Diapositiva 1 - Università degli Studi di Roma "Tor Vergata"

Colture Cellulari
Le colture preparate direttamente da un tessuto si dicono colture primarie; le cellule isolate da un
qualsiasi tessuto animale sono in grado di compiere un numero finito di divisioni cellulari in vitro,
dopodiché vanno incontro a degenerazione e morte. Tale fenomeno avviene indipendentemente
dalla presenza di metaboliti appropriati per la crescita e si indica come senescenza.
In genere il numero di “cicli” che una cellula è in grado di effettuare in vitro dipende dall’età
dell’animale.
Le linee cellulari continue derivano da singole cellule in cui mutazioni spontanee o indotte hanno
annullato il programma genetico della senescenza.
Si dicono perciò immortali: proliferano in modo continuo in presenza degli opportuni metaboliti.
Molte linee cellulari continue sono state ottenute a partire da tessuti tumorali (es HeLa).
Le cellule trasformate , invece, presentano caratteristiche simili alle cellule cancerose: sono
immortali, proliferano in vitro fino a raggiungere una densità maggiore delle cellule normali e,
spesso, crescono senza aderire ad alcuna superficie.
Le colture si distinguono a seconda che le cellule siano in sospensione o aderenti.
Le cellule di origine emopoietica, che normalmente crescono in mezzo fluido, crescono in sospensione
e si moltiplicano in vitro senza aderire.
Le cellule che, invece, fanno parte di tessuti solidi crescono in vitro aderendo alla superficie delle
piastre da coltura.
Cellule confluenti in monosrato (100 x magnification) L929 mouse fibroblast cells.
La crescita delle cellule in vitro viene assicurata dalla presenza di elementi nutritivi
di base (glucosio, aminoacidi, sali minerali) e fattori di crescita (presenti nel siero)
Terreni per colture
I terreni usati per le colture cellulari (BME; MEM; DMEM; …)differiscono tra loro per il contenuto in
amminoacidi e sali, e per la concentrazione di glucosio. La composizione esatta dei singoli terreni ed il
tipo di terreno adatto per una data linea cellulare viene di solito specificato dalla ditta produttrice.
Per la crescita, le cellule richiedono un valore di pH del mezzo compreso tra 7.2 e 7.4.
Per mantenere costante tale valore di pH, si ricorre per lo più ad incubatori con una fase gassosa
contenente il 5% di CO2 e terreni contenenti NaHCO3.
In soluzione acquosa il bicarbonato dissocia va incontro ad idrolisi (tende a riformare l’acido debole di
partenza).
La CO2 presente nell’incubatore tende a controbilanciare questo aumento, mantenendo così il giusto pH
del terreno.
Per avere un indicazione visiva del pH, i terreni vengono addizionati di rosso fenolo, un indicatore che ha
un colore rosso-arancio a pH 7,3, vira al gialloarancio a pH acido e al rosso viola a pH alcalino.
Con il proliferare della crescita cellulare, in incubatore al 5% di CO2, il terreno tenderà al giallo a causa
dell’acidificazione prodotta dal metabolismo cellulare. Se le piastre tenute in incubatore, invece, virano al
violaceo, significa che la regolazione della CO2 del macchinario è errata oppure che le cellule stanno
morendo (non sono metabolicamente attive).
I terreni liquidi normalmente non contengono antibiotici, siero e Lglutamina, perché instabili; questi
composti vanno perciò aggiunti prima dell’uso.
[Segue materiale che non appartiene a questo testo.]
lemma weighted_gram_mult_vec: "weighted_gram c u *v v = (\<Sum>i\<in>UNIV. (c i * (u i \<bullet> v)) *\<^sub>R u i)"
  for u :: "'n::finite \<Rightarrow> real^'p::finite"
proof -
  have "(\<Sum>i\<in>I. F i) *v v = (\<Sum>i\<in>I. F i *v v)" for I and F :: "'n \<Rightarrow> real^'p^'p"
    by (simp add: matrix_vector_mult_def vec_eq_iff sum_distrib_right sum_component sum.swap[of _ UNIV])
  moreover have "(a *\<^sub>R F) *v v = a *\<^sub>R (F *v v)" for a and F :: "real^'p^'p"
    by (simp add: matrix_vector_mult_def vec_eq_iff sum_distrib_left mult_ac)
  ultimately show ?thesis
    by (simp add: weighted_gram_def outer_prod_mult_vec)
qed

lemma inner_weighted_gram: "v \<bullet> (weighted_gram c u *v v) = (\<Sum>i\<in>UNIV. c i * (u i \<bullet> v)\<^sup>2)"
  by (simp add: weighted_gram_mult_vec inner_sum_right power2_eq_square inner_commute mult_ac)

lemma trace_mult_weighted_gram:
  "trace (W ** weighted_gram c u) = (\<Sum>i\<in>UNIV. c i * trace (W ** outer_prod (u i)))"
  unfolding weighted_gram_def
  by (simp add: linear_sum[OF bounded_linear.linear[OF bounded_linear_trace_mult_left]]
      matrix_scaleR_right trace_scaleR)

lemma transpose_weighted_gram: "transpose (weighted_gram c u) = weighted_gram c u"
  by (simp add: weighted_gram_def transpose_def outer_prod_def vec_eq_iff sum_component mult.commute)

lemma psd_matrix_weighted_gram: "(\<And>i. 0 \<le> c i) \<Longrightarrow> psd_matrix (weighted_gram c u)"
  by (simp add: psd_matrix_def inner_weighted_gram sum_nonneg)

lemma inner_weighted_gram_eq_0_iff:
  "(\<And>i. 0 \<le> c i) \<Longrightarrow> v \<bullet> (weighted_gram c u *v v) = 0 \<longleftrightarrow> (\<forall>i. c i = 0 \<or> u i \<bullet> v = 0)"
  by (simp add: inner_weighted_gram sum_nonneg_eq_0_iff)

lemma eq_0_if_inner_gram_eq_0:
  assumes "\<And>i. 0 \<le> c i" "invertible (weighted_gram c u)"
    and "v \<bullet> (weighted_gram (\<lambda>_. 1) u *v v) = 0"
  shows "v = 0"
proof -
  have "\<forall>i. u i \<bullet> v = 0"
    using inner_weighted_gram_eq_0_iff[of "\<lambda>_. 1" v u] assms(3) by simp
  then have "weighted_gram c u *v v = 0"
    by (simp add: weighted_gram_mult_vec)
  then show ?thesis
    using inj_matrix_vector_mult[OF assms(2)] by (metis injD matrix_vector_mult_0_right)
qed

lemma invertible_if_ker_trivial:
  "(\<And>v. A *v v = 0 \<Longrightarrow> v = 0) \<Longrightarrow> invertible (A::real^'n::finite^'n)"
  using matrix_left_invertible_ker invertible_left_inverse by blast

lemma invertible_gram_if_invertible_weighted_gram:
  assumes "\<And>i. 0 \<le> c i" "invertible (weighted_gram c u)"
  shows "invertible (weighted_gram (\<lambda>_. 1) u)"
  using eq_0_if_inner_gram_eq_0[OF assms] by (intro invertible_if_ker_trivial) simp

lemma vec_nth_design_matrix [simp]: "($) (design_matrix xs \<omega>) = (\<lambda>i. xs i \<omega>)"
  by (simp add: design_matrix_def fun_eq_iff)

lemma transpose_mult_weight_matrix_mult:
  "transpose X ** weight_matrix g \<beta> X ** X = weighted_gram (\<lambda>i. deriv g (X $ i \<bullet> \<beta>)) (($) X)"
  by (simp add: vec_eq_iff matrix_matrix_mult_def transpose_def weight_matrix_def weighted_gram_def
      outer_prod_def sum_component if_distrib if_distribR sum.delta' mult_ac cong: if_cong)

lemma transpose_mult_self: "transpose X ** X = weighted_gram (\<lambda>_. 1) (($) X)"
  by (simp add: vec_eq_iff matrix_matrix_mult_def transpose_def weighted_gram_def outer_prod_def
      sum_component)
Il siero è una miscela complessa di proteine plasmatiche,
fattori di crescita, minerali … Il siero di uso più comune nelle colture cellulari è il siero fetale bovino o di
vitello (FBS o FCS).
Controllo contaminazione
Pur operando in condizioni di sterilità, lavorando con le colture cellulari c’è sempre rischio di
contaminazione da parte di batteri, funghi, micoplasmi e virus. Mentre la contaminazione da batteri e
miceti è facilmente identificabile (provoca un intorbidimento del terreno), quella da virus e da micoplasmi
è più difficile da identificare (tranne che si riscontri un effetto citopatico).
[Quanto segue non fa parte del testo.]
(* Let $\alpha$, $F_\alpha$, the $\alpha$-Lüroth expansions and the measure $\mu_\alpha$ be as in the context, and let $T:\mathcal U\to\mathcal U$ be the tent map $T(x)=2x$ for $x\in[0,1/2)$, $T(x)=2-2x$ for $x\in[1/2,1]$. Define $\theta_\alpha:\mathcal U\to\mathcal U$ by $\theta_\alpha(0)=0$ and, for $x=[\ell_1,\ell_2,\dots]_\alpha$, \[\theta_\alpha(x):=-2\sum_{k\ge1}(-1)^k2^{-\sum_{i=1}^k\ell_i}\] (the sum being finite if the expansion is finite). Then $\theta_\alpha$ is a homeomorphism with $\theta_\alpha\circ F_\alpha=T\circ\theta_\alpha$, so $(\mathcal U,F_\alpha)$ and $(\mathcal U,T)$ are topologically conjugate. Moreover, $\theta_\alpha$ equals the distribution function $x\mapsto\mu_\alpha([0,x])$ of $\mu_\alpha$.
   Context: Let $\mathcal U=[0,1]$. $\alpha=\{A_n:n\in\mathbb N\}$ is a countable partition of $\mathcal U$ (up to the point $0$) into left-open, right-closed intervals of positive length, ordered from right to left starting with $A_1$, accumulating only at $0$; $a_n$ is the length of $A_n$, $t_n:=\sum_{k\ge n}a_k$, $A_n=(t_{n+1},t_n]$. $F_\alpha(x)=(1-x)/a_1$ on $A_1$, $F_\alpha(x)=a_{n-1}(x-t_{n+1})/a_n+t_n$ on $A_n$ ($n\ge2$), $F_\alpha(0)=0$; $L_\alpha(x)=(t_n-x)/a_n$ on $A_n$, $L_\alpha(0)=0$. For $x\ne0$, the $\alpha$-Lüroth digits $\ell_k$ are defined by $L_\alpha^{k-1}(x)\in A_{\ell_k}$, the sequence terminating at step $k$ iff $L_\alpha^{k-1}(x)=t_n$ for some $n\ge2$; one writes $x=[\ell_1,\ell_2,\dots]_\alpha$, and $x=\sum_{n}(-1)^{n-1}(\prod_{i<n}a_{\ell_i})t_{\ell_n}$. The $\alpha$-Farey cylinder sets of level $n$ are $\widehat C_\alpha(x_1,\dots,x_n):=\{y\in\mathcal U: \text{for } k=1,\dots,n,\ F_\alpha^{k-1}(y)\in A_1 \text{ iff } x_k=1\}$ for $x_1,\dots,x_n\in\{0,1\}$ (these form a partition of $\mathcal U$ into $2^n$ intervals). $\mu_\alpha$ is the measure of maximal entropy of $F_\alpha$, i.e. the Borel probability measure assigning mass $2^{-n}$ to each $n$-th level $\alpha$-Farey cylinder set. *)

theory Defs
  imports "HOL-Probability.Probability"
begin

text \<open>The partition alpha is encoded by the lengths a n (n >= 1) of the intervals A_n;
  the value a 0 is irrelevant.\<close>

definition alpha_partition :: "(nat \<Rightarrow> real) \<Rightarrow> bool" where
  "alpha_partition a \<longleftrightarrow> (\<forall>n\<ge>1. a n > 0) \<and> ((\<lambda>k. a (Suc k)) sums 1)"

definition tt :: "(nat \<Rightarrow> real) \<Rightarrow> nat \<Rightarrow> real" where
  "tt a n = (\<Sum>k. a (k + n))"

definition AA :: "(nat \<Rightarrow> real) \<Rightarrow> nat \<Rightarrow> real set" where
  "AA a n = {tt a (Suc n)<..tt a n}"

text \<open>index n >= 1 of the interval A_n containing x (meaningful for x in (0,1])\<close>
definition idx :: "(nat \<Rightarrow> real) \<Rightarrow> real \<Rightarrow> nat" where
  "idx a x = (THE n. n \<ge> 1 \<and> x \<in> AA a n)"

definition F_alpha :: "(nat \<Rightarrow> real) \<Rightarrow> real \<Rightarrow> real" where
  "F_alpha a x =
     (if x = 0 then 0
      else if idx a x = 1 then (1 - x) / a 1
      else a (idx a x - 1) * (x - tt a (Suc (idx a x))) / a (idx a x) + tt a (idx a x))"

definition L_alpha :: "(nat \<Rightarrow> real) \<Rightarrow> real \<Rightarrow> real" where
  "L_alpha a x = (if x = 0 then 0 else (tt a (idx a x) - x) / a (idx a x))"

text \<open>k-th alpha-Lueroth digit (k >= 1): L^(k-1)(x) lies in A_(digit k);
  it exists as long as L^(k-1)(x) is nonzero, and the expansion ends at step k iff L^k(x) = 0.\<close>
definition luroth_digit :: "(nat \<Rightarrow> real) \<Rightarrow> real \<Rightarrow> nat \<Rightarrow> nat" where
  "luroth_digit a x k = idx a ((L_alpha a ^^ (k - 1)) x)"

definition theta_term :: "(nat \<Rightarrow> real) \<Rightarrow> real \<Rightarrow> nat \<Rightarrow> real" where
  "theta_term a x k =
     (if (L_alpha a ^^ (k - 1)) x \<noteq> 0
      then (-1) ^ k * (1/2) ^ (\<Sum>i=1..k. luroth_digit a x i) else 0)"

definition theta_alpha :: "(nat \<Rightarrow> real) \<Rightarrow> real \<Rightarrow> real" where
  "theta_alpha a x = (if x = 0 then 0 else - 2 * (\<Sum>k. theta_term a x (Suc k)))"

definition tent :: "real \<Rightarrow> real" where
  "tent x = (if x < 1/2 then 2 * x else 2 - 2 * x)"

text \<open>alpha-Farey cylinder set; the list xs of booleans encodes x_1..x_n (True = 1).\<close>
definition farey_cyl :: "(nat \<Rightarrow> real) \<Rightarrow> bool list \<Rightarrow> real set" where
  "farey_cyl a xs = {y \<in> {0..1}. \<forall>k < length xs. ((F_alpha a ^^ k) y \<in> AA a 1 \<longleftrightarrow> xs ! k)}"

text \<open>mu is a Borel probability measure on [0,1] which is a measure of maximal entropy
  in the sense of the paper: mass 2^-n on every n-th level Farey cylinder.\<close>
definition is_mu_alpha :: "(nat \<Rightarrow> real) \<Rightarrow> real measure \<Rightarrow> bool" where
  "is_mu_alpha a \<mu> \<longleftrightarrow> prob_space \<mu> \<and> sets \<mu> = sets (restrict_space borel {0..1::real})
     \<and> (\<forall>xs. measure \<mu> (farey_cyl a xs) = (1/2) ^ length xs)"

end

theory Submission
  imports Defs
begin

text \<open>Peeling off the first digit gives \<open>\<theta> x = 2\<^sup>-\<^sup>n (2 - \<theta> (L x))\<close> for \<open>x \<in> A\<^sub>n\<close>. As
  \<open>L\<close> maps each \<open>A\<^sub>n\<close> affinely onto \<open>[0,1)\<close> and \<open>2\<^sup>-\<^sup>n \<le> 1/2\<close>, induction on the depth shows
  that \<open>\<theta>\<close> takes values in \<open>[0,1]\<close> and is increasing, and strictly so because the lengths
  \<open>a\<^sub>n\<close> are bounded by some \<open>q < 1\<close>. The two inverse branches \<open>u/2\<close> and \<open>1 - u/2\<close> of the tent
  map are realised by \<open>\<theta>\<close> on \<open>A\<^sub>n\<^sub>+\<^sub>1\<close> and on \<open>A\<^sub>1\<close>, so the image of \<open>\<theta>\<close> contains every
  dyadic rational; a monotone map with dense image is continuous, hence \<open>\<theta>\<close> is a homeomorphism.
  The same recursion yields \<open>\<theta> \<circ> F = T \<circ> \<theta>\<close>, so \<open>\<theta>\<close> carries Farey cylinders onto cylinders
  of the tent map, which are dyadic intervals up to their endpoints. Hence the image of Lebesgue
  measure under \<open>\<theta>\<^sup>-\<^sup>1\<close> is a measure of maximal entropy, and conversely the image under \<open>\<theta>\<close> of any
  such measure is Lebesgue measure, so its distribution function is \<open>\<theta>\<close>.\<close>

lemma nonpos_if_le_geometric:
  fixes z c :: real
  assumes "\<And>k. z \<le> c * (1/2)^k"
  shows "z \<le> 0"
proof -
  have "(\<lambda>k. c * (1/2::real)^k) \<longlonglongrightarrow> 0"
    by (intro tendsto_mult_right_zero LIMSEQ_realpow_zero) auto
  thus ?thesis using assms by (intro LIMSEQ_le_const) auto
qed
Per ridurre il rischi di contaminazioni, perciò, vengono aggiunti ai terreni da coltura degli agenti
antibiotici (penicillina, streptomicina, kanamicina,…) e antimicotici (anfotericina B,…).
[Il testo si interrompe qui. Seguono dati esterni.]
lemma building_action2: "building_action G S C2 \<delta>2 Gr act"
  by (rule building_action.intro[OF B2.w_building_axioms], unfold_locales)
     (use group_Gr act_closed2 act_one act_mult act_dist2 in auto)

lemma f0_closed: "u \<in> carrier G \<Longrightarrow> f0 u \<in> C1"
  and g0_closed: "u \<in> carrier G \<Longrightarrow> g0 u \<in> C2"
  and f0_dist: "u \<in> carrier G \<Longrightarrow> v \<in> carrier G \<Longrightarrow> \<delta>1 (f0 u) (f0 v) = inv u \<otimes> v"
  and f0_g0_codist: "u \<in> carrier G \<Longrightarrow> v \<in> carrier G \<Longrightarrow> \<delta>s (f0 u) (g0 v) = inv u \<otimes> v"
  and g0_f0_codist: "u \<in> carrier G \<Longrightarrow> v \<in> carrier G \<Longrightarrow> \<delta>s (g0 u) (f0 v) = inv u \<otimes> v"
  and apartment_eq: "\<Sigma> = f0 ` carrier G \<union> g0 ` carrier G"
  using apartment_param unfolding twin_apartment_param_def by blast+

lemma twin_apartment_base: "twin_apartment G C1 \<delta>1 C2 \<delta>2 \<delta>s \<Sigma>"
  using apartment_param twin_apartment_iff_param by blast

lemma c1_in_apartment: "c1 \<in> \<Sigma>" and c2_in_apartment: "c2 \<in> \<Sigma>"
  using apartment_eq f0_one g0_one by auto

lemma apartment_chamber1: "x \<in> \<Sigma> \<Longrightarrow> x \<in> C1 \<Longrightarrow> \<exists>a\<in>carrier G. x = f0 a"
  using apartment_eq g0_closed halves_disjoint by auto

lemma apartment_chamber2: "x \<in> \<Sigma> \<Longrightarrow> x \<in> C2 \<Longrightarrow> \<exists>a\<in>carrier G. x = g0 a"
  using apartment_eq f0_closed halves_disjoint by auto

lemma apartment_subset: "\<Sigma> \<subseteq> C1 \<union> C2"
  using apartment_eq f0_closed g0_closed by auto

abbreviation N where "N \<equiv> set_stab Gr act \<Sigma>"
abbreviation B1 where "B1 \<equiv> chamber_stab Gr act c1"

lemma N_carrier: "m \<in> N \<Longrightarrow> m \<in> carrier Gr"
  and N_image: "m \<in> N \<Longrightarrow> act m ` \<Sigma> = \<Sigma>"
  unfolding set_stab_def by auto
lemma rayleigh_maximizer_eigenvector:
  fixes K :: "real^'d^'d"
  assumes sym: "transpose K = K" and X: "subspace X" and inv: "\<And>x. x \<in> X \<Longrightarrow> K *v x \<in> X"
    and v: "v \<in> X" "v \<bullet> v = 1"
    and max: "\<And>x. x \<in> X \<Longrightarrow> x \<bullet> (K *v x) \<le> (v \<bullet> (K *v v)) * (x \<bullet> x)"
  shows "K *v v = (v \<bullet> (K *v v)) *\<^sub>R v"
proof -
  define l where "l = v \<bullet> (K *v v)"
  define w where "w = K *v v - l *\<^sub>R v"
  have wX: "w \<in> X" using inv[OF v(1)] v(1) X by (simp add: w_def subspace_diff subspace_scale)
  have vw: "v \<bullet> w = 0" unfolding w_def l_def using v(2) by (simp add: inner_diff_right)
  have "w \<bullet> w = w \<bullet> (K *v v) - l * (v \<bullet> w)"
    by (simp add: w_def inner_diff_left inner_diff_right inner_commute algebra_simps)
  then have wKv: "w \<bullet> (K *v v) = w \<bullet> w" by (simp add: vw)
  have c: "0 \<le> l * (w \<bullet> w) - w \<bullet> (K *v w)" using max[OF wX] by (simp add: l_def)
  \<comment> \<open>maximality of v, tested at v + s w, gives 2 s |w|^2 \<le> s^2 c for every s\<close>
  have test: "2 * s * (w \<bullet> w) \<le> s\<^sup>2 * (l * (w \<bullet> w) - w \<bullet> (K *v w))" for s
  proof -
    have "v + s *\<^sub>R w \<in> X" using v(1) wX X by (simp add: subspace_add subspace_scale)
    from max[OF this] have "l + 2 * s * (w \<bullet> (K *v v)) + s\<^sup>2 * (w \<bullet> (K *v w))
        \<le> l * (1 + s\<^sup>2 * (w \<bullet> w))"
      using inner_symmetric_matrix[OF sym, of v w] v(2) vw
      by (simp add: matrix_vector_right_distrib matrix_vector_mult_scaleR inner_add_left
          inner_add_right inner_commute l_def power2_eq_square algebra_simps)
    then show ?thesis by (simp add: wKv algebra_simps)
  qed
  have "w \<bullet> w \<le> 0"
  proof (rule field_le_epsilon)
    fix e :: real assume "e > 0"
    define s where "s = e / (l * (w \<bullet> w) - w \<bullet> (K *v w) + 1)"
    have "s > 0" using \<open>e > 0\<close> c by (simp add: s_def)
    with test[of s] have "2 * (w \<bullet> w) \<le> s * (l * (w \<bullet> w) - w \<bullet> (K *v w))"
      by (simp add: power2_eq_square mult.assoc)
    also have "\<dots> \<le> e" using \<open>e > 0\<close> c by (simp add: s_def field_simps)
    finally show "w \<bullet> w \<le> 0 + e" using inner_ge_zero[of w] by linarith
  qed
  then have "w = 0" using inner_ge_zero[of w] by (simp add: order_antisym)
  then show ?thesis by (simp add: w_def l_def)
qed

lemma symmetric_matrix_eigenvector_in_invariant_subspace:
  fixes K :: "real^'d^'d"
  assumes sym: "transpose K = K" and X: "subspace X" and inv: "\<And>x. x \<in> X \<Longrightarrow> K *v x \<in> X"
    and ne: "X \<noteq> {0}"
  obtains v l where "v \<in> X" "v \<bullet> v = 1" "K *v v = l *\<^sub>R v"
proof -
  define T where "T = sphere (0::real^'d) 1 \<inter> X"
  have "compact T" unfolding T_def
    by (intro compact_Int_closed compact_sphere closed_subspace X)
  moreover obtain x0 where "x0 \<in> X" "x0 \<noteq> 0" using ne X subspace_0 by blast
  then have "x0 /\<^sub>R norm x0 \<in> T" using X by (auto simp: T_def subspace_scale)
  then have "T \<noteq> {}" by blast
  moreover have "continuous_on T (\<lambda>x. x \<bullet> (K *v x))" by (intro continuous_intros)
  ultimately obtain v where v: "v \<in> T"
    and vmax: "\<And>y. y \<in> T \<Longrightarrow> y \<bullet> (K *v y) \<le> v \<bullet> (K *v v)"
    by (metis continuous_attains_sup)
  have vX: "v \<in> X" and vv: "v \<bullet> v = 1" using v by (auto simp: T_def norm_eq_1)
  have "x \<bullet> (K *v x) \<le> (v \<bullet> (K *v v)) * (x \<bullet> x)" if "x \<in> X" for x
  proof (cases "x = 0")
    case False
    have "x /\<^sub>R norm x \<in> T" using that False X by (auto simp: T_def subspace_scale)
    from vmax[OF this] have "(x \<bullet> (K *v x)) / (norm x)\<^sup>2 \<le> v \<bullet> (K *v v)"
      by (simp add: matrix_vector_mult_scaleR power2_eq_square field_simps)
    then show ?thesis using False by (simp add: divide_le_eq power2_norm_eq_inner mult.commute)
  qed simp
  from rayleigh_maximizer_eigenvector[OF sym X inv vX vv this] show ?thesis
    using that vX vv by blast
qed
Precauzioni per la prevenzione delle contaminazioni
Per prevenire le contaminazioni occorre seguire alcune regole:
1)i terreni e le soluzioni che si usano devono essere tutti sterili;
2)si aggiunge penicillina-streptomicina per evitare contaminazioni da batteri; anfotericina B (se non
tossica per le cellule) contro i miceti;
3) si destina un laboratorio solo alle colture cellulari;
4) si opera sempre sotto cappa a flusso laminare;
5) si utilizza solo materiale sterile (di vetro o di plastica);
6) si utilizzano pipettatori elettrici;
7) la cappa va pulita a inizio e fine lavoro;
8) i filtri della cappa vanno periodicamente controllati;
9) l’incubatore va pulito periodicamente;
Piastre da coltura
In commercio sono disponibili piastre per colture cellulari e piastre per batteriologia (queste utilizzabili
anche per la coltura di cellule in sospensione). Sono tutte in polistirene, ma la superficie delle piastre da
coltura è trattata chimicamente in modo da renderla idrofila e carica negativamente: il polistirene è, in tal
modo, capace di legare i fattori di adesione.
.
Conta delle cellule
Prima del conteggio si devono staccare le cellule dalla piastra e eliminare gli aggregati cellulari mediante
trattamento enzimatico o chimico (es. tripsina, EDTA). La conta del numero di cellule in genere si effettua
con la camera di Burker.
Questa è costituita da un vetro spesso, in cui è ricavata una camera capillare, la parete superiore della camera
è costituita da un vetrino bloccato da due graffe laterali.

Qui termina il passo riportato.